What is expected »
Start at the first line of the listing below. Write out each line exactly, stopping after the one that contains "0 \<Longrightarrow> \<bar>s".

Working data »

definition stair_map :: "real \<Rightarrow> 'a::real_normed_vector \<Rightarrow> 'a" where
  "stair_map s v = (if v = 0 then 0 else staircase (s + 1 / sqrt (norm v)) *\<^sub>R v)"

lemma stair_map_zero [simp]: "stair_map s 0 = 0"
  by (simp add: stair_map_def)

lemma stair_map_eq_int_scaleR:
  "v \<noteq> 0 \<Longrightarrow> \<bar>s + 1 / sqrt (norm v) - of_int n\<bar> \<le> 1/4 \<Longrightarrow> stair_map s v = of_int n *\<^sub>R v"
  by (simp add: stair_map_def staircase_eq_int)

lemma norm_stair_map_le: "norm (stair_map s v) \<le> (\<bar>s\<bar> + 1/4) * norm v + sqrt (norm v)"
proof (cases "v = 0")
  case False
  have "\<bar>staircase (s + 1 / sqrt (norm v))\<bar> \<le> \<bar>s\<bar> + 1/4 + 1 / sqrt (norm v)"
    using staircase_dist_le[of "s + 1 / sqrt (norm v)"] abs_ge_self[of s] abs_ge_minus_self[of s]
      real_sqrt_ge_zero[OF norm_ge_zero, of v]
    unfolding abs_le_iff by (smt (verit) divide_nonneg_nonneg)
  then have "norm (stair_map s v) \<le> (\<bar>s\<bar> + 1/4 + 1 / sqrt (norm v)) * norm v"
    using False by (simp add: stair_map_def mult_right_mono)
  also have "\<dots> = (\<bar>s\<bar> + 1/4) * norm v + sqrt (norm v)"
    using False by (simp add: algebra_simps real_div_sqrt)
  finally show ?thesis .
qed simp

lemma isCont_stair_map:
  fixes v :: "'a::real_normed_vector"
  shows "isCont (stair_map s) v"
proof (cases "v = 0")
  case True
  have "((\<lambda>v. (\<bar>s\<bar> + 1/4) * norm v + sqrt (norm v)) \<longlongrightarrow> 0) (at (0::'a))"
    by (auto intro!: tendsto_eq_intros)
  then have "(stair_map s \<longlongrightarrow> 0) (at (0::'a))"
    by (rule Lim_null_comparison[rotated]) (simp add: norm_stair_map_le)
  then show ?thesis
    using True by (simp add: isCont_def)
next
  case False
  have "continuous_on (- {0}) (\<lambda>v::'a. staircase (s + 1 / sqrt (norm v)) *\<^sub>R v)"
    by (intro continuous_intros) auto
  then have "continuous_on (- {0}) (stair_map s :: 'a \<Rightarrow> 'a)"
    by (rule continuous_on_cong[THEN iffD1, rotated 2]) (auto simp: stair_map_def)
  moreover have "open (- {0::'a})"
    by auto
  ultimately show ?thesis
    using False continuous_on_eq_continuous_at by blast
qed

Exercise solution »
definition stair_map :: "real \<Rightarrow> 'a::real_normed_vector \<Rightarrow> 'a" where
  "stair_map s v = (if v = 0 then 0 else staircase (s + 1 / sqrt (norm v)) *\<^sub>R v)"

lemma stair_map_zero [simp]: "stair_map s 0 = 0"
  by (simp add: stair_map_def)

lemma stair_map_eq_int_scaleR:
  "v \<noteq> 0 \<Longrightarrow> \<bar>s + 1 / sqrt (norm v) - of_int n\<bar> \<le> 1/4 \<Longrightarrow> stair_map s v = of_int n *\<^sub>R v"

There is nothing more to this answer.